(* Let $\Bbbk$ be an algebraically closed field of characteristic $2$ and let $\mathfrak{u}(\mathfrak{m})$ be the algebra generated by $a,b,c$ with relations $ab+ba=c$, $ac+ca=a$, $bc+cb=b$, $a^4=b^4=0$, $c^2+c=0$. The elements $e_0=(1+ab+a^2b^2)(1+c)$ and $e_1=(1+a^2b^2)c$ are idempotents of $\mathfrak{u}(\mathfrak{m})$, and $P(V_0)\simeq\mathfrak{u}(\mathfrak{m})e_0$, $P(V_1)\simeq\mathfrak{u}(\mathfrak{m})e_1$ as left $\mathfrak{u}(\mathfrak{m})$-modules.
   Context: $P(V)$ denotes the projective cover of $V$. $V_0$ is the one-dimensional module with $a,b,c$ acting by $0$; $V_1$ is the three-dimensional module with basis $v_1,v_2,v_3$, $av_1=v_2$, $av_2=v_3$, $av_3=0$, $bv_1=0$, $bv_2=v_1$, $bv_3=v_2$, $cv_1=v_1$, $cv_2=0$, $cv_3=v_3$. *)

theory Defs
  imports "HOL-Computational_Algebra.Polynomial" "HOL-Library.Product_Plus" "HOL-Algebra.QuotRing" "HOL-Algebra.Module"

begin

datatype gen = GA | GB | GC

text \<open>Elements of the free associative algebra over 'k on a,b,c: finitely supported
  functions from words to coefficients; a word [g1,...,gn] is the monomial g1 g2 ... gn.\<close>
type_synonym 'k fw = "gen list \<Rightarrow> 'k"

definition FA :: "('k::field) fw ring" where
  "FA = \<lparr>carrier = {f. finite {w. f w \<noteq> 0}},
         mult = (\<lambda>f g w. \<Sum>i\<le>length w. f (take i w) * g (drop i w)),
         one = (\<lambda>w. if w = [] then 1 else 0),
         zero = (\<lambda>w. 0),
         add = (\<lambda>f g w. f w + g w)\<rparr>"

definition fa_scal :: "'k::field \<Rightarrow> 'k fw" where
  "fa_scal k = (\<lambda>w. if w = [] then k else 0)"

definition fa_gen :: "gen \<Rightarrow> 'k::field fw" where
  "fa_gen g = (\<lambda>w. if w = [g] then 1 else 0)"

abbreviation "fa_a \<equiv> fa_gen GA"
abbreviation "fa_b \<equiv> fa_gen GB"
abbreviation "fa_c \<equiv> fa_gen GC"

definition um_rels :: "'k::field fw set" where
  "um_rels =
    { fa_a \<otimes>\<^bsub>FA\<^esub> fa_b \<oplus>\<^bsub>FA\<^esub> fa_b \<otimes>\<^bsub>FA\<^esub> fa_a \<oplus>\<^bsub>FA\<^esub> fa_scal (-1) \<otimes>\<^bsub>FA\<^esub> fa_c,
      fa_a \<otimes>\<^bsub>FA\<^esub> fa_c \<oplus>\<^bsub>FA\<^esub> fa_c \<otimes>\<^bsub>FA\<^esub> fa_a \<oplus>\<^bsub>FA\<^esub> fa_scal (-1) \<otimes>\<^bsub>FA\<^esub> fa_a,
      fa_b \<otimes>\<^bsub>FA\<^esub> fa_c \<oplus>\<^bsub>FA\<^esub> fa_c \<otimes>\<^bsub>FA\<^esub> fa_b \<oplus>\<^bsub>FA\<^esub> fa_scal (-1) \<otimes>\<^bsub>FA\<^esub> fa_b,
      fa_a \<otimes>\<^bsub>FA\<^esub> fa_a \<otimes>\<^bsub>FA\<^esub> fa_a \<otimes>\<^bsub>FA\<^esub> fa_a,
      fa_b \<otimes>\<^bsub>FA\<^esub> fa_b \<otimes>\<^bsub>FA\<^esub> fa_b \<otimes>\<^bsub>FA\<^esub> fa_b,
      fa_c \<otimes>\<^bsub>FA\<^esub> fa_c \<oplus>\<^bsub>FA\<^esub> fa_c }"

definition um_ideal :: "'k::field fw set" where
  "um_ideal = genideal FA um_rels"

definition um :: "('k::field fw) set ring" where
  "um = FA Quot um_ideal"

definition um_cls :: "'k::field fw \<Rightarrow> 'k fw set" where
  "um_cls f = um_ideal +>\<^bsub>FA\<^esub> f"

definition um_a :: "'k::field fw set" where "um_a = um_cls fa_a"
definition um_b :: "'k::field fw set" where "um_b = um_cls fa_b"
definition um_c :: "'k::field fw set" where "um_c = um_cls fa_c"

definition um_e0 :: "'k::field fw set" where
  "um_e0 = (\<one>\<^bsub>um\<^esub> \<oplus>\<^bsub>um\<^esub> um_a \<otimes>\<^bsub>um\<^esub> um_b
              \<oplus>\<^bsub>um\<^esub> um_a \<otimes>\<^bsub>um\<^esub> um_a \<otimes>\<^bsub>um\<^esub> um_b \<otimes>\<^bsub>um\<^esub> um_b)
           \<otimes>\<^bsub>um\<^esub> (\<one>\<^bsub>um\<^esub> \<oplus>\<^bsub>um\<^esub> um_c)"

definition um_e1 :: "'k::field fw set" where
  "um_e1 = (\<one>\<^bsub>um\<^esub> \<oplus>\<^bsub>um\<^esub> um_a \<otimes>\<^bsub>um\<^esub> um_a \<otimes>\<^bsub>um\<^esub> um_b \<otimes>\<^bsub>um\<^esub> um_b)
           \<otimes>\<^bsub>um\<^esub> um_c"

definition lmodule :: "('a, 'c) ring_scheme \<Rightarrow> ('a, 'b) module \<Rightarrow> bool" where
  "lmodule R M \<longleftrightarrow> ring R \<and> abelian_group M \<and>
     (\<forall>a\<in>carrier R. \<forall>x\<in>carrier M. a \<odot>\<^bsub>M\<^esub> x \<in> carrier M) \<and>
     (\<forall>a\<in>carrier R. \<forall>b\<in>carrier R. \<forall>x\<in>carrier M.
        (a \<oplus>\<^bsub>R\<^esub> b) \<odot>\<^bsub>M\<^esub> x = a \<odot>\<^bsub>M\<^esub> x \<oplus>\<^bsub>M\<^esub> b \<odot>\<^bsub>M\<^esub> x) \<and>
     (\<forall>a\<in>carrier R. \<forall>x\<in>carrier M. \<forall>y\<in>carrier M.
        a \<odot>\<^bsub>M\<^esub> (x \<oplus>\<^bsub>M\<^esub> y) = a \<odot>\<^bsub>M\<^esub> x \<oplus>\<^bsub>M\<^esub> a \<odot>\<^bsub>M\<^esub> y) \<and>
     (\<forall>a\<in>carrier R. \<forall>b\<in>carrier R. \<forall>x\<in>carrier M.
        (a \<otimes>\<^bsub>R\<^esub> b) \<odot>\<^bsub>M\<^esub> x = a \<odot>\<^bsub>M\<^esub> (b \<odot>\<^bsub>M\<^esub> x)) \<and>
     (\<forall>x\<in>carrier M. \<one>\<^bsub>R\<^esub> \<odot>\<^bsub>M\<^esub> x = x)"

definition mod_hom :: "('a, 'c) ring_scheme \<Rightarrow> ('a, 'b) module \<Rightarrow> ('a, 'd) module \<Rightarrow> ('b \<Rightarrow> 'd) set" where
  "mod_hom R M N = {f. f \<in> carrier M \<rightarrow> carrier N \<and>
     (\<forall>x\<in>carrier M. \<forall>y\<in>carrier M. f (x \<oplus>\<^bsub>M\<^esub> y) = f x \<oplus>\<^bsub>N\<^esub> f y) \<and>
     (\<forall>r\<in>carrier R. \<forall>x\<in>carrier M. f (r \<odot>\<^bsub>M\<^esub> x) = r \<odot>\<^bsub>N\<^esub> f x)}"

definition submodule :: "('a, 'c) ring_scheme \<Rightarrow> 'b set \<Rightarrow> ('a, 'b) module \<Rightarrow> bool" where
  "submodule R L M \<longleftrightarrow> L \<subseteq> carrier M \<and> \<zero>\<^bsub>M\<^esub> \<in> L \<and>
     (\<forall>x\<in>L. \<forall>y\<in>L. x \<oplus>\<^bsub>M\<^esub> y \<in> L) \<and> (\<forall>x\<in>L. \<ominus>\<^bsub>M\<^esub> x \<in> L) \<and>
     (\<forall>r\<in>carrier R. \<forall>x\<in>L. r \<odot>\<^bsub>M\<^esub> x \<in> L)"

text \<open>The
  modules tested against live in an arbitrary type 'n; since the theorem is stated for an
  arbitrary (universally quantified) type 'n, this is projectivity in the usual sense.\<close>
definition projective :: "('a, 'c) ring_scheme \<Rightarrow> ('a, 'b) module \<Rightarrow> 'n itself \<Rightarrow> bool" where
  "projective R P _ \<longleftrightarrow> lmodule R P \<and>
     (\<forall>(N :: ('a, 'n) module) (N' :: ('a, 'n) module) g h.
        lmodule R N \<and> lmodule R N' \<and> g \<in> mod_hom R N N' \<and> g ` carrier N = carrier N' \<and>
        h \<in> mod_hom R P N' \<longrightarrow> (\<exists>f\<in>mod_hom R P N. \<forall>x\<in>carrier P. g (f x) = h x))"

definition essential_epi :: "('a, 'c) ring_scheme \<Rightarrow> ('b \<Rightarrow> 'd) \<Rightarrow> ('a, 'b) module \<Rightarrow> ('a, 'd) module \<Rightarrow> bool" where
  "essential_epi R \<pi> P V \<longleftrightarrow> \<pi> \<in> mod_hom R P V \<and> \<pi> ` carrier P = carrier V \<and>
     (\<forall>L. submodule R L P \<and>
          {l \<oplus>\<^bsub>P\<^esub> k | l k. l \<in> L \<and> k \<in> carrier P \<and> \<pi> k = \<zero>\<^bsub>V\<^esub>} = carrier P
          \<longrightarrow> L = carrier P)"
--
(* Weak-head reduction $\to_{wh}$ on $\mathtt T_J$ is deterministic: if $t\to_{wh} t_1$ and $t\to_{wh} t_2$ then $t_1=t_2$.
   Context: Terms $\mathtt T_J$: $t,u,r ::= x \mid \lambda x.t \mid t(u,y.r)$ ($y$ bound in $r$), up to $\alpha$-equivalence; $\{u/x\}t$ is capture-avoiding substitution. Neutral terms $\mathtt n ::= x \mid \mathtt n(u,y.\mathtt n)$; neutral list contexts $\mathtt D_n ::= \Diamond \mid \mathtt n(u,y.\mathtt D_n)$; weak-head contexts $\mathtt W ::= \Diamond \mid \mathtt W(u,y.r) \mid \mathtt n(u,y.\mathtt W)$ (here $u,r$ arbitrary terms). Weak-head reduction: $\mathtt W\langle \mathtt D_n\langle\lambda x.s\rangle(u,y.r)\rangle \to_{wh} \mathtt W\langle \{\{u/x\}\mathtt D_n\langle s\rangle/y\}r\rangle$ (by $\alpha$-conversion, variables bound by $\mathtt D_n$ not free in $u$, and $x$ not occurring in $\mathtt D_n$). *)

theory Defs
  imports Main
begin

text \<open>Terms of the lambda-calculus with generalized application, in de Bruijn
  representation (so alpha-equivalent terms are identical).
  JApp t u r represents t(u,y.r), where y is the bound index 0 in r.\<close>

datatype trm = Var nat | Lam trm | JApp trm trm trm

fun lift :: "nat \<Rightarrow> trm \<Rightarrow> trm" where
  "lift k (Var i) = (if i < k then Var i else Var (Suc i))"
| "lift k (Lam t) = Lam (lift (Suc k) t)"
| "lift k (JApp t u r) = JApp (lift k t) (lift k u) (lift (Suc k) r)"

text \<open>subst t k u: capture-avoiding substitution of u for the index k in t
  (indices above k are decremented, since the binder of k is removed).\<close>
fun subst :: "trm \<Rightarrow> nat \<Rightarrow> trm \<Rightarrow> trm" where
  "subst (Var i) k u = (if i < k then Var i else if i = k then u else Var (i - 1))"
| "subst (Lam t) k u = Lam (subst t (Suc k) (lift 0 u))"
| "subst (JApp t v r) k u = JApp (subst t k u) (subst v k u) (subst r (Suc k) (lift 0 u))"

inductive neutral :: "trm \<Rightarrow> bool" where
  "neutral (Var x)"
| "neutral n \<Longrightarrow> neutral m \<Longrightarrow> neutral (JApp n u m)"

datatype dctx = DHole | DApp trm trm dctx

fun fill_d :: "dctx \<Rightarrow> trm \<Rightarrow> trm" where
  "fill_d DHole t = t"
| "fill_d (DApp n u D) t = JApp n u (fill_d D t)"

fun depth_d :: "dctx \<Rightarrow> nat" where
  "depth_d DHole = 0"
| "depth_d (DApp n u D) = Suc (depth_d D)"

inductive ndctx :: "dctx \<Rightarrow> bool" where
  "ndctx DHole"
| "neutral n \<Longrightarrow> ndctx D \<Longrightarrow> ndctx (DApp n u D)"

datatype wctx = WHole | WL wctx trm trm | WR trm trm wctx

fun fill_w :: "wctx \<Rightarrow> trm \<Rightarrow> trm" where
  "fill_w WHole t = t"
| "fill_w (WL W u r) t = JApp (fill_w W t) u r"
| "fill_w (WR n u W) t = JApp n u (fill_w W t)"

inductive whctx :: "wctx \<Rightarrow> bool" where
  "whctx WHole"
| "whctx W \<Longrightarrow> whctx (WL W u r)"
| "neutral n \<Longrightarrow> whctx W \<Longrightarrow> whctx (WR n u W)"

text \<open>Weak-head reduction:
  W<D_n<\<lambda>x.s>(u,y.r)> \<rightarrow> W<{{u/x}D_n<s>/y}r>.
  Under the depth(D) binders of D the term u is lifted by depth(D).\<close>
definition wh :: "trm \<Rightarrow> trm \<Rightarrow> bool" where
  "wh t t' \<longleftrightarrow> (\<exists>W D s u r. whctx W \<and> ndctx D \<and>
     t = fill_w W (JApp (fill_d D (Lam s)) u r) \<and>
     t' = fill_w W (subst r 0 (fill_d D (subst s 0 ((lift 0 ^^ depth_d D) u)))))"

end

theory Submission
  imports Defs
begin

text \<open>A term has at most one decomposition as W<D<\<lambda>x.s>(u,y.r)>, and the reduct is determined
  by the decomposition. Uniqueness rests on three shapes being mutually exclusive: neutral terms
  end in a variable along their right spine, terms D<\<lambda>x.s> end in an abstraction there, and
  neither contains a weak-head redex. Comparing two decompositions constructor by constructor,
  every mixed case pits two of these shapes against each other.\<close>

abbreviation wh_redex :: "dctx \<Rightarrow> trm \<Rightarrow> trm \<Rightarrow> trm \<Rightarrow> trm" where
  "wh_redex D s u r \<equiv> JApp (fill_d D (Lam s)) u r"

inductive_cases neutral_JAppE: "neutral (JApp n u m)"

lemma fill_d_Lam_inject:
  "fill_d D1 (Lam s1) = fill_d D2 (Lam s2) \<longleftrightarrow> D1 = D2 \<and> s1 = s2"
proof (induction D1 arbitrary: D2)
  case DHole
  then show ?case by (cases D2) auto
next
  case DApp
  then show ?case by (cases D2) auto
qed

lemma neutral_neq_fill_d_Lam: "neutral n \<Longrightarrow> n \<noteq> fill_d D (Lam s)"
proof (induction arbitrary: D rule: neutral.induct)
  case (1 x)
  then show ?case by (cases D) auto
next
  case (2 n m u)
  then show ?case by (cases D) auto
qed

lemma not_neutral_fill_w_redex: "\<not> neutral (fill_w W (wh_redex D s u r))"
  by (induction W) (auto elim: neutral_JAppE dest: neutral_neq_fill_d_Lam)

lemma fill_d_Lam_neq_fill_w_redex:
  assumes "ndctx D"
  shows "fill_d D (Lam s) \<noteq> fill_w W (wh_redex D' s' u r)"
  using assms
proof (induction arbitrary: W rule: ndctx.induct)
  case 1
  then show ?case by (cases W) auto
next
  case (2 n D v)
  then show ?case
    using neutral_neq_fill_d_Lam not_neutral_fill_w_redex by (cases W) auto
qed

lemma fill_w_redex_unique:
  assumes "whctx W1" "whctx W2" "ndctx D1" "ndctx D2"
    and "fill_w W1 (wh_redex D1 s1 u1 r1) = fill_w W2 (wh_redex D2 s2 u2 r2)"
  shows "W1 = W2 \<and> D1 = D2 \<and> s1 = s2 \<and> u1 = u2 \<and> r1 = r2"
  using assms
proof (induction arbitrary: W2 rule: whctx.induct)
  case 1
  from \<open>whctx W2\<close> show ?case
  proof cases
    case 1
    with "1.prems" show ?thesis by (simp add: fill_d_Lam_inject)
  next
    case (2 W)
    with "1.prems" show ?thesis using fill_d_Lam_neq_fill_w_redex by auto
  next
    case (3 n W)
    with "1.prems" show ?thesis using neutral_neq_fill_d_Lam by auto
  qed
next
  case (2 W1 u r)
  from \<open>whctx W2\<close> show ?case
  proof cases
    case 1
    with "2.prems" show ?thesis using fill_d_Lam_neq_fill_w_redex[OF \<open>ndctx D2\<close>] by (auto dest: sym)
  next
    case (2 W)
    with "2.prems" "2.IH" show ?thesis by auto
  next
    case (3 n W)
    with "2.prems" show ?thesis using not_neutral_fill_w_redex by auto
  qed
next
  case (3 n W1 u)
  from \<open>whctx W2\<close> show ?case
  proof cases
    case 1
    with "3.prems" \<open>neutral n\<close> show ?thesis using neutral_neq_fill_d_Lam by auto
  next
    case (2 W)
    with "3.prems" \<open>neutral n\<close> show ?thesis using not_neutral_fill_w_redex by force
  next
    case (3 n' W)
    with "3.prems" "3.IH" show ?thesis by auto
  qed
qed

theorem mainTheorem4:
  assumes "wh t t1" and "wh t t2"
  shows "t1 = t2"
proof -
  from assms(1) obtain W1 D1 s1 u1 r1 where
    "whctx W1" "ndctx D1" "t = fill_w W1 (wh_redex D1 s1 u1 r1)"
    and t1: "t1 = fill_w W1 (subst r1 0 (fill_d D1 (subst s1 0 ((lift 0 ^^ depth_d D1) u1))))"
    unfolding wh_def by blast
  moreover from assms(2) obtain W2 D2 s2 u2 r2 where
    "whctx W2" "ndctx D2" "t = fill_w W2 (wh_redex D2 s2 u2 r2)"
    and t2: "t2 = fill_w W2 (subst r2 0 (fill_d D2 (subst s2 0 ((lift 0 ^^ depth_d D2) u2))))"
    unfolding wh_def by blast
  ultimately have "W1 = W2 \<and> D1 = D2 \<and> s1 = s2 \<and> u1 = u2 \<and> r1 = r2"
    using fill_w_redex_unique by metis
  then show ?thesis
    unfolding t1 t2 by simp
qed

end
--
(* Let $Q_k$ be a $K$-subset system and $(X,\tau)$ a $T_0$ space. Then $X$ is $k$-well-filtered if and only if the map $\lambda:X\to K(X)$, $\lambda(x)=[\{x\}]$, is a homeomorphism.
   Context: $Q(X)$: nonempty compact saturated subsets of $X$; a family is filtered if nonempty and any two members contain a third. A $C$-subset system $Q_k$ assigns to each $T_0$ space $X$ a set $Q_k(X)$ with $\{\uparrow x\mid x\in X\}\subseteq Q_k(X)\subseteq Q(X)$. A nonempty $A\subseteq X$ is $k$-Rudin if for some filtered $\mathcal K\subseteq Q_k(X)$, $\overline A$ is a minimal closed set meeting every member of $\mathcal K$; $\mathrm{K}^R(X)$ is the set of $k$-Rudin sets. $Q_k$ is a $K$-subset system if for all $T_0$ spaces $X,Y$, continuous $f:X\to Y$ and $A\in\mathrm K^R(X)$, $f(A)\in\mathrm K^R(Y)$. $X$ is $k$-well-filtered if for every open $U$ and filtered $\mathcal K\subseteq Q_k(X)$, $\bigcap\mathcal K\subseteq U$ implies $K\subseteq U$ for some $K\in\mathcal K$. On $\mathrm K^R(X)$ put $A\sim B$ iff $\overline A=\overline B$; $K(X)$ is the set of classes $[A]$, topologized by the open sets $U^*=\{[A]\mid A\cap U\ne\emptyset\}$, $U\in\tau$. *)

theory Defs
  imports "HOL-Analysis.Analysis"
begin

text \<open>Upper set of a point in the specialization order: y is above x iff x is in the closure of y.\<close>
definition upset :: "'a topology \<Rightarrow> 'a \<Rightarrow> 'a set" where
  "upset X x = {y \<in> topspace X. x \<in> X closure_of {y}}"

Requirement:
Give back precisely the lines above that start at the line containing "not_neutral_fill_w_redex by force" and end at the line containing "using fill_w_redex_unique by metis", inclusive. No other lines belong in the output.

Task answer:
    with "3.prems" \<open>neutral n\<close> show ?thesis using not_neutral_fill_w_redex by force
  next
    case (3 n' W)
    with "3.prems" "3.IH" show ?thesis by auto
  qed
qed

theorem mainTheorem4:
  assumes "wh t t1" and "wh t t2"
  shows "t1 = t2"
proof -
  from assms(1) obtain W1 D1 s1 u1 r1 where
    "whctx W1" "ndctx D1" "t = fill_w W1 (wh_redex D1 s1 u1 r1)"
    and t1: "t1 = fill_w W1 (subst r1 0 (fill_d D1 (subst s1 0 ((lift 0 ^^ depth_d D1) u1))))"
    unfolding wh_def by blast
  moreover from assms(2) obtain W2 D2 s2 u2 r2 where
    "whctx W2" "ndctx D2" "t = fill_w W2 (wh_redex D2 s2 u2 r2)"
    and t2: "t2 = fill_w W2 (subst r2 0 (fill_d D2 (subst s2 0 ((lift 0 ^^ depth_d D2) u2))))"
    unfolding wh_def by blast
  ultimately have "W1 = W2 \<and> D1 = D2 \<and> s1 = s2 \<and> u1 = u2 \<and> r1 = r2"
    using fill_w_redex_unique by metis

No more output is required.